障害や地域などに関係なく情報を得たり、スムーズなコミュニケーションができるようにしていくことが必要です。
3.責務
責務とは責任と義務。やらなければいけないこと。という意味ですね。
国と地方公共団体の下部にあるように、意思疎通の取り組みは障害がない方にも役立つという認識はとても大切です。

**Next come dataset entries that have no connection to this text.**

lemma Gcd_Un: "Gcd (A \<union> B) = gcd (Gcd A) (Gcd B)" for A B :: "'a::semiring_Gcd set"
proof -
  have "\<And>d. \<lbrakk>d dvd Gcd A; d dvd Gcd B\<rbrakk> \<Longrightarrow> d dvd Gcd (A \<union> B)"
    by (meson UnE Gcd_greatest Gcd_dvd dvd_trans)
  moreover have "Gcd (A \<union> B) dvd Gcd A" "Gcd (A \<union> B) dvd Gcd B"
    by (auto intro: Gcd_greatest Gcd_dvd)
  ultimately show ?thesis
    by (meson gcd_unique normalize_Gcd)
qed

lemma Gcd_finite_subset_nat:
  fixes S :: "nat set"
  obtains F where "finite F" "F \<subseteq> S" "Gcd F = Gcd S"
proof -
  define G where "G = {Gcd F | F. finite F \<and> F \<subseteq> S}"
  have "Gcd G \<in> G"
  proof (rule Gcd_in)
    fix a b assume "a \<in> G" "b \<in> G"
    then obtain F1 F2 where "finite F1" "F1 \<subseteq> S" "a = Gcd F1" "finite F2" "F2 \<subseteq> S" "b = Gcd F2"
      unfolding G_def by blast
    then show "gcd a b \<in> G"
      unfolding G_def by (auto simp: Gcd_Un[symmetric] intro!: exI[of _ "F1 \<union> F2"])
  qed (auto simp: G_def)
  then obtain F where F: "finite F" "F \<subseteq> S" "Gcd G = Gcd F"
    unfolding G_def by blast
  have "Gcd F dvd s" if "s \<in> S" for s
  proof -
    have "s \<in> G" unfolding G_def using that by (auto intro!: exI[of _ "{s}"])
    then show ?thesis using F(3) by (metis Gcd_dvd)
  qed
  then have "Gcd F dvd Gcd S" by (rule Gcd_greatest)
  moreover have "Gcd S dvd Gcd F" using F(2) by (simp add: Gcd_greatest Gcd_dvd subset_iff)
  ultimately show ?thesis using that F by (simp add: dvd_antisym)
qed

lemma add_closed_Gcd_step:
  fixes A :: "nat set"
  assumes zero: "0 \<in> A" and add: "\<And>a b. a \<in> A \<Longrightarrow> b \<in> A \<Longrightarrow> a + b \<in> A"
    and "finite F" and "F \<subseteq> A"
  shows "\<exists>q. q \<in> A \<and> q + Gcd F \<in> A"
  using \<open>finite F\<close> \<open>F \<subseteq> A\<close>
proof (induction F rule: finite_induct)
  case empty
  then show ?case using zero by auto
next
  case (insert s F)
  then obtain q where q: "q \<in> A" "q + Gcd F \<in> A" by auto
  have s: "s \<in> A" using insert.prems by simp
  show ?case
  proof (cases "s = 0")
    case True
    then show ?thesis using q by auto
  next
    case False
    then obtain x y where xy: "s * x = Gcd F * y + gcd s (Gcd F)"
      using bezout_nat by blast
    have "s * x + q * y = (q + Gcd F) * y + Gcd (insert s F)"
      using xy by (simp add: add_mult_distrib)
    moreover have "s * x + q * y \<in> A"
      using add add_closed_mult_mem[OF zero add] s q by (metis mult.commute)
    moreover have "(q + Gcd F) * y \<in> A"
      using add_closed_mult_mem[OF zero add q(2)] by (metis mult.commute)
    ultimately show ?thesis by (intro exI[of _ "(q + Gcd F) * y"]) simp
  qed
qed

lemma add_closed_Gcd_1_eventually:
  fixes A :: "nat set"
  assumes zero: "0 \<in> A" and add: "\<And>a b. a \<in> A \<Longrightarrow> b \<in> A \<Longrightarrow> a + b \<in> A"
    and gcd: "Gcd A = 1"
  shows "eventually (\<lambda>n. n \<in> A) sequentially"
proof -
  obtain F where "finite F" "F \<subseteq> A" "Gcd F = Gcd A"
    by (rule Gcd_finite_subset_nat)
  with gcd obtain q where q: "q \<in> A" "Suc q \<in> A"
    using add_closed_Gcd_step[OF zero add, of F] by auto
  have mult: "k * a \<in> A" if "a \<in> A" for k a
    using add_closed_mult_mem[OF zero add that] .
  have "n \<in> A" if n: "q * q \<le> n" for n
  proof (cases "q = 0")
    case True
    then show ?thesis using mult[OF q(2), of n] by simp
  next
    case False
    define r where "r = n mod q"
    have "q \<le> n div q" using div_le_mono[OF n, of q] False by simp
    then have "r \<le> n div q" unfolding r_def using mod_less_divisor[of q n] False by linarith
    then have "n = (n div q - r) * q + r * Suc q"
      unfolding r_def by (simp add: diff_mult_distrib)
    moreover have "(n div q - r) * q \<in> A" by (rule mult[OF q(1)])
    moreover have "r * Suc q \<in> A" by (rule mult[OF q(2)])
    ultimately show ?thesis using add by metis
  qed
  then show ?thesis unfolding eventually_sequentially by blast
qed

section \<open>Row vectors and stochastic matrices\<close>

definition stochastic_matrix :: "('s::finite \<Rightarrow> 's \<Rightarrow> real) \<Rightarrow> bool" where
  "stochastic_matrix P \<longleftrightarrow> (\<forall>x y. 0 \<le> P x y) \<and> (\<forall>x. (\<Sum>y\<in>UNIV. P x y) = 1)"

definition vec_mat :: "('s::finite \<Rightarrow> real) \<Rightarrow> ('s \<Rightarrow> 's \<Rightarrow> real) \<Rightarrow> 's \<Rightarrow> real" where
  "vec_mat v P y = (\<Sum>x\<in>UNIV. v x * P x y)"

definition norm1 :: "('s::finite \<Rightarrow> real) \<Rightarrow> real" where
  "norm1 v = (\<Sum>x\<in>UNIV. \<bar>v x\<bar>)"

lemma vec_mat_point_mass: "vec_mat (\<lambda>y. if x = y then 1 else 0) Q = Q x"
  by (simp add: vec_mat_def fun_eq_iff of_bool_def[symmetric])

lemma vec_mat_mpow_0 [simp]: "vec_mat v (mpow P 0) = v"
  by (simp add: vec_mat_def fun_eq_iff of_bool_def[symmetric])

lemma vec_mat_assoc:
  "vec_mat v (\<lambda>x z. \<Sum>y\<in>UNIV. A x y * B y z) = vec_mat (vec_mat v A) B"
proof
  fix z
  have "vec_mat v (\<lambda>x z. \<Sum>y\<in>UNIV. A x y * B y z) z = (\<Sum>x\<in>UNIV. \<Sum>y\<in>UNIV. v x * A x y * B y z)"
    unfolding vec_mat_def by (simp add: sum_distrib_left mult.assoc)
  also have "\<dots> = (\<Sum>y\<in>UNIV. \<Sum>x\<in>UNIV. v x * A x y * B y z)"
    by (rule sum.swap)
  also have "\<dots> = vec_mat (vec_mat v A) B z"
    unfolding vec_mat_def by (simp add: sum_distrib_right)
  finally show "vec_mat v (\<lambda>x z. \<Sum>y\<in>UNIV. A x y * B y z) z = vec_mat (vec_mat v A) B z" .
qed

lemma vec_mat_mpow_Suc: "vec_mat v (mpow P (Suc n)) = vec_mat (vec_mat v (mpow P n)) P"
proof -
  have "mpow P (Suc n) = (\<lambda>x z. \<Sum>y\<in>UNIV. mpow P n x y * P y z)"
    by (simp add: fun_eq_iff)
  then show ?thesis by (simp add: vec_mat_assoc)
qed

lemma vec_mat_mpow_add:
  "vec_mat v (mpow P (m + n)) = vec_mat (vec_mat v (mpow P m)) (mpow P n)"
  by (induction n) (simp_all only: add_0_right add_Suc_right vec_mat_mpow_0 vec_mat_mpow_Suc)

lemma vec_mat_mpow_Suc_left: "vec_mat v (mpow P (Suc n)) = vec_mat (vec_mat v P) (mpow P n)"
  using vec_mat_mpow_add[of v P "Suc 0" n] by (simp only: add_Suc add_0 vec_mat_mpow_Suc vec_mat_mpow_0)

lemma mpow_add: "mpow P (m + n) x z = vec_mat (mpow P m x) (mpow P n) z"
  by (metis vec_mat_point_mass vec_mat_mpow_add)

lemma vec_mat_add: "vec_mat (\<lambda>x. a x + b x) Q y = vec_mat a Q y + vec_mat b Q y"
  unfolding vec_mat_def by (simp add: distrib_right sum.distrib)

lemma vec_mat_diff: "vec_mat (\<lambda>x. a x - b x) Q y = vec_mat a Q y - vec_mat b Q y"
  unfolding vec_mat_def by (simp add: left_diff_distrib sum_subtractf)

lemma vec_mat_diff_right: "vec_mat v (\<lambda>x y. A x y - B x y) y = vec_mat v A y - vec_mat v B y"
  unfolding vec_mat_def by (simp add: right_diff_distrib sum_subtractf)

lemma sum_vec_mat:
  assumes "stochastic_matrix Q"
  shows "(\<Sum>y\<in>UNIV. vec_mat v Q y) = (\<Sum>x\<in>UNIV. v x)"
proof -
  have "(\<Sum>y\<in>UNIV. vec_mat v Q y) = (\<Sum>x\<in>UNIV. \<Sum>y\<in>UNIV. v x * Q x y)"
    unfolding vec_mat_def by (rule sum.swap)
  also have "\<dots> = (\<Sum>x\<in>UNIV. v x * (\<Sum>y\<in>UNIV. Q x y))"
    by (simp add: sum_distrib_left)
  finally show ?thesis
    using assms unfolding stochastic_matrix_def by simp
qed

lemma mpow_Suc_row: "mpow P (Suc n) x = vec_mat (mpow P n x) P"
  by (simp add: vec_mat_def fun_eq_iff)

lemma stochastic_matrix_mpow:
  assumes "stochastic_matrix P"
  shows "stochastic_matrix (mpow P n)"
proof (induction n)
  case 0
  show ?case by (simp add: stochastic_matrix_def)
next
  case (Suc n)
  have "(\<Sum>y\<in>UNIV. mpow P (Suc n) x y) = 1" for x
    using Suc sum_vec_mat[OF assms, of "mpow P n x"]
    unfolding mpow_Suc_row stochastic_matrix_def by simp
  moreover have "0 \<le> mpow P (Suc n) x y" for x y
    using Suc assms unfolding stochastic_matrix_def by (simp add: sum_nonneg)
  ultimately show ?case unfolding stochastic_matrix_def by blast
qed

lemma mpow_mult_le_mpow_add:
  assumes "stochastic_matrix P"
  shows "mpow P m x y * mpow P n y z \<le> mpow P (m + n) x z"
  unfolding mpow_add vec_mat_def
  using stochastic_matrix_mpow[OF assms] unfolding stochastic_matrix_def
  by (intro member_le_sum) auto

lemma stationary_dist_vec_mat:
  assumes "stationary_dist P \<rho>"
  shows "vec_mat \<rho> P = \<rho>"
  using assms unfolding stationary_dist_def vec_mat_def by auto

lemma stationary_dist_vec_mat_mpow:
  assumes "stationary_dist P \<rho>"
  shows "vec_mat \<rho> (mpow P n) = \<rho>"
  by (induction n) (simp_all only: vec_mat_mpow_0 vec_mat_mpow_Suc stationary_dist_vec_mat[OF assms])

section \<open>The l1 norm and total variation\<close>

lemma norm1_add_le: "norm1 (\<lambda>x. a x + b x) \<le> norm1 a + norm1 b"
  unfolding norm1_def by (simp add: sum.distrib[symmetric] sum_mono abs_triangle_ineq)

lemma norm1_vec_mat_le_rows: "norm1 (vec_mat v A) \<le> (\<Sum>x\<in>UNIV. \<bar>v x\<bar> * (\<Sum>y\<in>UNIV. \<bar>A x y\<bar>))"
proof -
  have "norm1 (vec_mat v A) \<le> (\<Sum>y\<in>UNIV. \<Sum>x\<in>UNIV. \<bar>v x\<bar> * \<bar>A x y\<bar>)"
    unfolding norm1_def vec_mat_def
    by (intro sum_mono order_trans[OF sum_abs]) (simp add: abs_mult)
  also have "\<dots> = (\<Sum>x\<in>UNIV. \<bar>v x\<bar> * (\<Sum>y\<in>UNIV. \<bar>A x y\<bar>))"
    by (subst sum.swap) (simp add: sum_distrib_left)
  finally show ?thesis .
qed

lemma norm1_vec_mat_le:
  assumes "stochastic_matrix Q"
  shows "norm1 (vec_mat v Q) \<le> norm1 v"
  using norm1_vec_mat_le_rows[of v Q] assms
  unfolding stochastic_matrix_def norm1_def by simp

lemma norm1_vec_mat_centered_le:
  assumes "(\<Sum>x\<in>UNIV. v x) = 0" and "\<And>x. (\<Sum>y\<in>UNIV. \<bar>Q x y - r y\<bar>) \<le> B"
  shows "norm1 (vec_mat v Q) \<le> B * norm1 v"
proof -
  have "vec_mat v (\<lambda>x y. Q x y - r y) = vec_mat v Q"
    using assms(1) by (simp add: vec_mat_diff_right fun_eq_iff vec_mat_def sum_distrib_right[symmetric])
  then have "norm1 (vec_mat v Q) \<le> (\<Sum>x\<in>UNIV. \<bar>v x\<bar> * (\<Sum>y\<in>UNIV. \<bar>Q x y - r y\<bar>))"
    using norm1_vec_mat_le_rows[of v "\<lambda>x y. Q x y - r y"] by simp
  also have "\<dots> \<le> (\<Sum>x\<in>UNIV. \<bar>v x\<bar> * B)"
    by (intro sum_mono mult_left_mono assms(2)) simp
  finally show ?thesis by (simp add: norm1_def sum_distrib_left mult.commute)
qed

努力義務ではありますが、責務として定められていることを理解しましょう。
4.基本的施策
a.障害者による情報取得等に資する機器等(第 11 条関係)
・機器やサービスの開発と普及を進める為に助成や規格の標準化、情報提供などを行う
・機器等を利用できるように使い方の支援や講習会等の実施、及び実施する事業所への支援
・機器等の促進や質の向上のために話し合う場を設ける
b.防災及び防犯並びに緊急の通報(第 12 条関係)
・障害の種類程度に応じて情報を早く確実に取得できるよう体制の整備充実等を行う
・障害がある方が緊急通報をスムーズにできるように多様な手段による緊急通報の仕組みの整備を進める
c.障害者が自立した日常生活及び社会生活を営むために必要な分野に係る施策 (第 13 条関係)
・意思疎通支援者の確保、養成
・医療、介護、福祉等サービスやスポーツ施設等運営者に対する意思疎通取り組み支援
d.障害者からの相談及び障害者に提供する情報(第 14 条関係)
・障害がある方が相談しやすいように情報取得、意思疎通に配慮する
・障害の有る方への情報提供は、障害の種類及び程度に応じて配慮する
e.国民の関心及び理解の増進(第 15 条関係)
・障害者の情報取得や意思疎通の重要性を広報活動啓発活動を通じて広げる
f.調査研究の推進等(第 16 条関係)
・障害者の情報の取得や意思疎通に関して調査研究を進め、普及させる
5.付帯決議
この法案の成立にあたり、衆議院から付帯決議がつけられました。
付帯決議とは「議決した法案などに付けられる、その法律の運用について政府に求める項目」のことです。
法的な拘束力はありません。
付帯決議
①障害者の情報の取得や意思疎通等ができるように作った機械や、情報通信技術を活用したサービスを優先的に調達する制度を検討する
②コミュニケーションやアクセシビリティの推進のため法の見直しなど必要な措置を取る
③コミュニケーションやアクセシビリティについて相談窓口の設置を検討
④行政提出書類、選挙、災害時などコミュニケーションとアクセシビリティの促進についての検討
⑤手話言語法の立法を含め、手話に関する施策充実の検討を進める
今後法律を運用する中で、付帯決議に付けられている内容も一緒に進んでいくことを期待します。
まとめ
障害者情報アクセシビリティ・コミュニケーション施策推進法について解説させていただきました。
社会の中で生活するうえで、情報の入手・利用、コミュニケーションは欠かせないものです。
同じ地域で暮らす誰もが安心して過ごせる社会づくりのために、法律の理解を深め1人1人が取り組めることを考えていきましょう。